Preferred music is the music that folks listen to (or compose or recreate) that serve as a motivator for non-musical outcomes, Elverd said. “And we tend to draw upon the music from our youth.”
Listening to music you loved in adolescence lights up the memory center and reward centers in your brain, Shinn explained. It also triggers the release of feel-good neurotransmitters like dopamine and serotonin. This is all why music from our youth gives us the “warm-fuzzies,” said Elverd, and why it elicits such positive emotions.
Hennessy, along with a team, also conducted research about the impact of music on the brain and music-evoked nostalgia.
In Hennessy’s study, the memory and reward areas of the brain only activated when someone was listening to their preferred nostalgic song. If a similar-sounding song came on, their brain didn’t light up the same way, she said.
“When we look at the brain areas, we know that the effect that we’re seeing isn’t because of the music features. It has nothing to do with how the music was written, or the lyrics, or the instruments, or anything. It’s really due to the feeling that it gives you, which is important, because everyone’s nostalgic songs were so different,” Hennessy said.
Listening to your favorite songs from your teenage years can be a good motivator and mood-booster, but can bring on sad feelings, too.
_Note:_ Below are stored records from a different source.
(* Fix $K\ge 2$, a prior concentration vector $\alpha\in\mathbb{R}_{+}^{K}$ (all entries positive), a temperature $\nu>0$, and observed data $(Y_1,X_1),\dots,(Y_n,X_n)$ with $Y_i\in\{1,\dots,K\}$ and $X_i\in\mathbb{R}^d$. Let $\{\mathrm{NN}^{\phi}:\mathbb{R}^d\to\mathbb{R}_{+}^{K}\}_{\phi\in\Phi}$ be a family of neural networks and, for $\phi\in\Phi$, let $q^{\phi}_{X_{1:n}}=\prod_{i=1}^n q^{\phi}_{X_i}$ with $q^{\phi}_{X_i}=\mathrm{Dir}(\alpha+\mathrm{NN}^{\phi}(X_i))$ be the mean-field variational distribution on $(\Delta^{K-1})^n$. Let $\pi^{\nu}_{Y_{1:n}}$ be the tempered pseudo-posterior of the tempered independent categorical–Dirichlet model (defined in the context). Then for $\phi\in\Phi$, $$\widehat{\phi}\in\arg\min_{\phi\in\Phi}\mathrm{KL}\big(q^{\phi}_{X_{1:n}}\,\|\,\pi^{\nu}_{Y_{1:n}}\big)\quad\Longleftrightarrow\quad \widehat{\phi}\in\arg\min_{\phi\in\Phi}\mathcal{L}^{1/\nu}_{\mathrm{EDL}}(\phi;Y_{1:n},X_{1:n}),$$ i.e. amortized variational inference for the tempered model is equivalent to training an EDL model with regularization parameter $\lambda=1/\nu$.
   Context: $\Delta^{K-1}$ is the probability simplex in $\mathbb{R}^K$; $\mathrm{Cat}(p)$ is the categorical distribution with $\mathbb{P}(Y=k)=p(k)$, and $f_p(y)=\prod_{k=1}^K p(k)^{\mathbb{I}(y=k)}=p(y)$ its probability mass function; $\mathrm{Dir}(\beta)$ is the Dirichlet distribution on $\Delta^{K-1}$ with concentration $\beta\in\mathbb{R}_+^K$; $\pi=\mathrm{Dir}(\alpha)$. Tempered independent categorical–Dirichlet model: the class-probability vectors $p_1,\dots,p_n$ are i.i.d. with prior $\pi$, and the (unnormalized) pseudo-likelihood of $Y_i$ given $p_i$ is $f_{p_i}(Y_i)^{\nu}$; the tempered pseudo-posterior $\pi^{\nu}_{Y_{1:n}}$ is the probability density on $(\Delta^{K-1})^n$ proportional to $\prod_{i=1}^n f_{p_i}(Y_i)^{\nu}\,\pi(p_i)$. The EDL loss with regularization parameter $\lambda>0$ is $$\mathcal{L}^{\lambda}_{\mathrm{EDL}}(\phi;Y_{1:n},X_{1:n})=\sum_{i=1}^n -\mathbb{E}_{p_i\sim\mathrm{Dir}(\alpha+\mathrm{NN}^{\phi}(X_i))}\big[\log \mathrm{Cat}(Y_i\mid p_i)\big]+\lambda\sum_{i=1}^n\mathrm{KL}\big(\mathrm{Dir}(\alpha+\mathrm{NN}^{\phi}(X_i))\,\|\,\mathrm{Dir}(\alpha)\big).$$ *)

theory Defs
  imports "HOL-Probability.Probability"
begin

text \<open>Classes are indexed 0,...,K-1; a point of the simplex is a function nat => real
  (extensional outside {..<K}).\<close>

text \<open>Reference measure on the simplex: Lebesgue measure on the first K-1 coordinates
  (restricted to the corner region), pushed forward to the full K-vector.\<close>
definition simplex_coords :: "nat \<Rightarrow> (nat \<Rightarrow> real) \<Rightarrow> (nat \<Rightarrow> real)" where
  "simplex_coords K x = (\<lambda>j. if j < K - 1 then x j
                              else if j = K - 1 then 1 - (\<Sum>i<K - 1. x i) else undefined)"

definition simplex_measure :: "nat \<Rightarrow> (nat \<Rightarrow> real) measure" where
  "simplex_measure K =
     distr (restrict_space (PiM {..<K - 1} (\<lambda>_. lborel))
              {x. (\<forall>i<K - 1. 0 \<le> x i) \<and> (\<Sum>i<K - 1. x i) \<le> 1})
           (PiM {..<K} (\<lambda>_. borel)) (simplex_coords K)"

definition dir_density :: "nat \<Rightarrow> (nat \<Rightarrow> real) \<Rightarrow> (nat \<Rightarrow> real) \<Rightarrow> real" where
  "dir_density K \<beta> p =
     Gamma (\<Sum>k<K. \<beta> k) / (\<Prod>k<K. Gamma (\<beta> k)) * (\<Prod>k<K. p k powr (\<beta> k - 1))"

definition Dirichlet :: "nat \<Rightarrow> (nat \<Rightarrow> real) \<Rightarrow> (nat \<Rightarrow> real) measure" where
  "Dirichlet K \<beta> = density (simplex_measure K) (\<lambda>p. ennreal (dir_density K \<beta> p))"

definition cat_pmf :: "nat \<Rightarrow> (nat \<Rightarrow> real) \<Rightarrow> nat \<Rightarrow> real" where
  "cat_pmf K p y = (\<Prod>k<K. p k ^ (if y = k then 1 else 0))"

text \<open>KL(Q || P) = integral of ln (dQ/dP) dQ (library KL_divergence with base e; note the
  library argument order KL_divergence b P Q = KL(Q || P)).\<close>
definition KL :: "'a measure \<Rightarrow> 'a measure \<Rightarrow> real" where
  "KL Q P = KL_divergence (exp 1) P Q"

definition tempered_posterior ::
  "nat \<Rightarrow> (nat \<Rightarrow> real) \<Rightarrow> real \<Rightarrow> nat \<Rightarrow> (nat \<Rightarrow> nat) \<Rightarrow> (nat \<Rightarrow> nat \<Rightarrow> real) measure" where
  "tempered_posterior K \<alpha> \<nu> n Y =
     (let base = PiM {..<n} (\<lambda>_. simplex_measure K);
          u = (\<lambda>P. ennreal (\<Prod>i<n. cat_pmf K (P i) (Y i) powr \<nu> * dir_density K \<alpha> (P i)))
      in density base (\<lambda>P. u P / (\<integral>\<^sup>+ P'. u P' \<partial>base)))"

definition mean_field ::
  "nat \<Rightarrow> (nat \<Rightarrow> real) \<Rightarrow> ('phi \<Rightarrow> 'x \<Rightarrow> nat \<Rightarrow> real) \<Rightarrow> nat \<Rightarrow> (nat \<Rightarrow> 'x) \<Rightarrow> 'phi
     \<Rightarrow> (nat \<Rightarrow> nat \<Rightarrow> real) measure" where
  "mean_field K \<alpha> NN n X \<phi> = PiM {..<n} (\<lambda>i. Dirichlet K (\<lambda>k. \<alpha> k + NN \<phi> (X i) k))"

definition edl_loss ::
  "nat \<Rightarrow> (nat \<Rightarrow> real) \<Rightarrow> ('phi \<Rightarrow> 'x \<Rightarrow> nat \<Rightarrow> real) \<Rightarrow> real \<Rightarrow> nat \<Rightarrow> (nat \<Rightarrow> nat)
     \<Rightarrow> (nat \<Rightarrow> 'x) \<Rightarrow> 'phi \<Rightarrow> real" where
  "edl_loss K \<alpha> NN lam n Y X \<phi> =
     (\<Sum>i<n. - (\<integral>p. ln (cat_pmf K p (Y i)) \<partial>Dirichlet K (\<lambda>k. \<alpha> k + NN \<phi> (X i) k)))
     + lam * (\<Sum>i<n. KL (Dirichlet K (\<lambda>k. \<alpha> k + NN \<phi> (X i) k)) (Dirichlet K \<alpha>))"

end

(* Conjugacy does all the work.  Tempering a categorical likelihood tilts a Dirichlet prior
   within its family, p_y^nu Dir(alpha)(p) = z_y Dir(alpha + nu e_y)(p), so the tempered
   pseudo-posterior is the product of the Dirichlet laws Dir(alpha + nu e_(Y_i)).  Between
   products of Dirichlet laws the KL divergence is the sum of the coordinatewise ones, and
   KL(q || Dir(alpha + nu e_y)) = KL(q || Dir alpha) - nu E_q[ln p_y] + ln z_y.  Summing over
   the data gives KL(q^phi || pi^nu) = nu * L_EDL^(1/nu)(phi) + const with nu > 0, so both
   sides have the same minimisers.
   Underneath lie the normalisation of the Dirichlet density (the Dirichlet integral, computed
   by integrating out one coordinate at a time against a Beta integral) and the integrability
   of ln p_k under a Dirichlet law, which follows from |ln x| <= (x^e + x^-e) / e and the same
   tilting identity. *)

theory Submission
  imports Defs
begin

section \<open>The Dirichlet integral\<close>

definition simplex_corner :: "nat \<Rightarrow> (nat \<Rightarrow> real) set" where
  "simplex_corner m = {x. (\<forall>i<m. 0 \<le> x i) \<and> (\<Sum>i<m. x i) \<le> 1}"

definition dirichlet_kernel :: "nat \<Rightarrow> (nat \<Rightarrow> real) \<Rightarrow> real \<Rightarrow> (nat \<Rightarrow> real) \<Rightarrow> real" where
  "dirichlet_kernel m a b x = (\<Prod>k<m. x k powr (a k - 1)) * (1 - (\<Sum>k<m. x k)) powr (b - 1)"

lemma borel_measurable_dirichlet_kernel_corner:
  "(\<lambda>x. ennreal (dirichlet_kernel m a b x) * indicator (simplex_corner m) x)
     \<in> borel_measurable (PiM {..<m} (\<lambda>_. lborel))"
  unfolding dirichlet_kernel_def simplex_corner_def by (intro borel_measurable_times_ennreal) measurable

lemma Beta_real_pos: "a > 0 \<Longrightarrow> b > 0 \<Longrightarrow> Beta a b > (0::real)"
  by (simp add: Beta_def)

lemma nn_integral_beta_kernel_scaled:
  fixes a b t :: real
  assumes a: "a > 0" and b: "b > 0"
  shows "(\<integral>\<^sup>+y. ennreal (y powr (a - 1) * (t - y) powr (b - 1)) * indicator {0..t} y \<partial>lborel)
       = ennreal (t powr (a + b - 1) * Beta a b) * indicator {0..} t"
proof (cases "t > 0")
  case True
  have rescale: "ennreal ((t * u) powr (a - 1) * (t - t * u) powr (b - 1)) * indicator {0..t} (t * u)
      = ennreal (t powr (a + b - 2)) * (ennreal (u powr (a - 1) * (1 - u) powr (b - 1)) * indicator {0..1} u)"
    for u
  proof (cases "u \<in> {0..1}")
    case True
    have "t - t * u = t * (1 - u)" by (simp add: algebra_simps)
    then have "(t * u) powr (a - 1) * (t - t * u) powr (b - 1)
             = t powr (a + b - 2) * (u powr (a - 1) * (1 - u) powr (b - 1))"
      using True \<open>t > 0\<close> by (simp add: powr_mult powr_add[symmetric] mult_ac)
    moreover have "t * u \<in> {0..t}" using True \<open>t > 0\<close> by (auto simp: mult_le_cancel_left1)
    ultimately show ?thesis using True by (simp add: ennreal_mult)
  next
    case False
    then have "t * u \<notin> {0..t}" using \<open>t > 0\<close> by (auto simp: zero_le_mult_iff mult_le_cancel_left1)
    then show ?thesis using False by simp
  qed
  have "(\<integral>\<^sup>+y. ennreal (y powr (a - 1) * (t - y) powr (b - 1)) * indicator {0..t} y \<partial>lborel)
      = ennreal t * (\<integral>\<^sup>+u. ennreal ((t * u) powr (a - 1) * (t - t * u) powr (b - 1))
                              * indicator {0..t} (t * u) \<partial>lborel)"
    using True
      nn_integral_real_affine[where c = t and t = 0,
        of "\<lambda>y. ennreal (y powr (a - 1) * (t - y) powr (b - 1)) * indicator {0..t} y"]
    by simp
  also have "\<dots> = ennreal t * (ennreal (t powr (a + b - 2)) * ennreal (Beta a b))"
    unfolding rescale
    by (subst nn_integral_cmult)
       (auto simp: nn_integral_has_integral_lebesgue'[OF _ has_integral_Beta_real[OF a b]])
  also have "\<dots> = ennreal (t powr (a + b - 1) * Beta a b)"
  proof -
    have "t * t powr (a + b - 2) = t powr (a + b - 1)"
      using True by (simp add: powr_add[symmetric] powr_mult_base)
    then show ?thesis
      using True Beta_real_pos[OF a b] by (simp add: ennreal_mult[symmetric] mult.assoc[symmetric])
  qed
  finally show ?thesis using True by simp
next
  case False
  have vanish: "(\<lambda>y. ennreal (y powr (a - 1) * (t - y) powr (b - 1)) * indicator {0..t} y) = (\<lambda>_. 0)"
  proof
    fix y
    show "ennreal (y powr (a - 1) * (t - y) powr (b - 1)) * indicator {0..t} y = 0"
      using False by (cases "y \<in> {0..t}") auto
  qed
  show ?thesis unfolding vanish using False by (auto simp: indicator_def)
qed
If you are someone who commonly turns to your favorite songs from high school or the music you listened to at college parties, there’s no need to stop. It can be a motivator to help you get things done around the house or head outside for your evening walk, or it can be a way to feel a little lighter and less stressed during a period of burnout or heaviness, according to Shinn.
“Being able to find those moments of peace, levity, lightness, however and wherever we can, is so important, and that might be as easy as popping something on in the car during the commute,” Shinn said.
Music is also pretty accessible, which makes it a great mental health tool, Shinn added. “For the most part, people can find what they need through music, and it’s quick — two to three minutes — for a really nice reset as well.”
The only potential pitfall is if the nostalgia goes too far and you end up listening to songs that reinforce sadness, Shinn said.
While it’s true that music can bring up happy memories of teenage days, it can also bring up negative emotions, Elverd said, “like if you associate a song with the death of a grandparent or a family member.”
“There’s very much a physiological effect that music has on the brain,” said Elverd.
Research shows that when folks listen to nostalgic music, the emotional response isn’t all good.
“People, when they’re listening to nostalgic music, feel positive with like a little bit of negativity. So it’s a slightly mixed feeling,” said Hennessy, before adding that this may be because a certain song brings you back to happier times that don’t exist now or memories with a friend who you lost touch with.
If you notice that you’re feeling more down than up when listening to nostalgic music, it could be worth talking to a professional such as a board-certified music therapist, according to Elverd. They can help you determine why you’re looking to experience neural nostalgia and make sure you’re doing it healthily.
“Especially if there’s someone that’s living with past trauma in their life or current trauma, and looking for this concept to help them cope through what they’re experiencing,” Elverd said.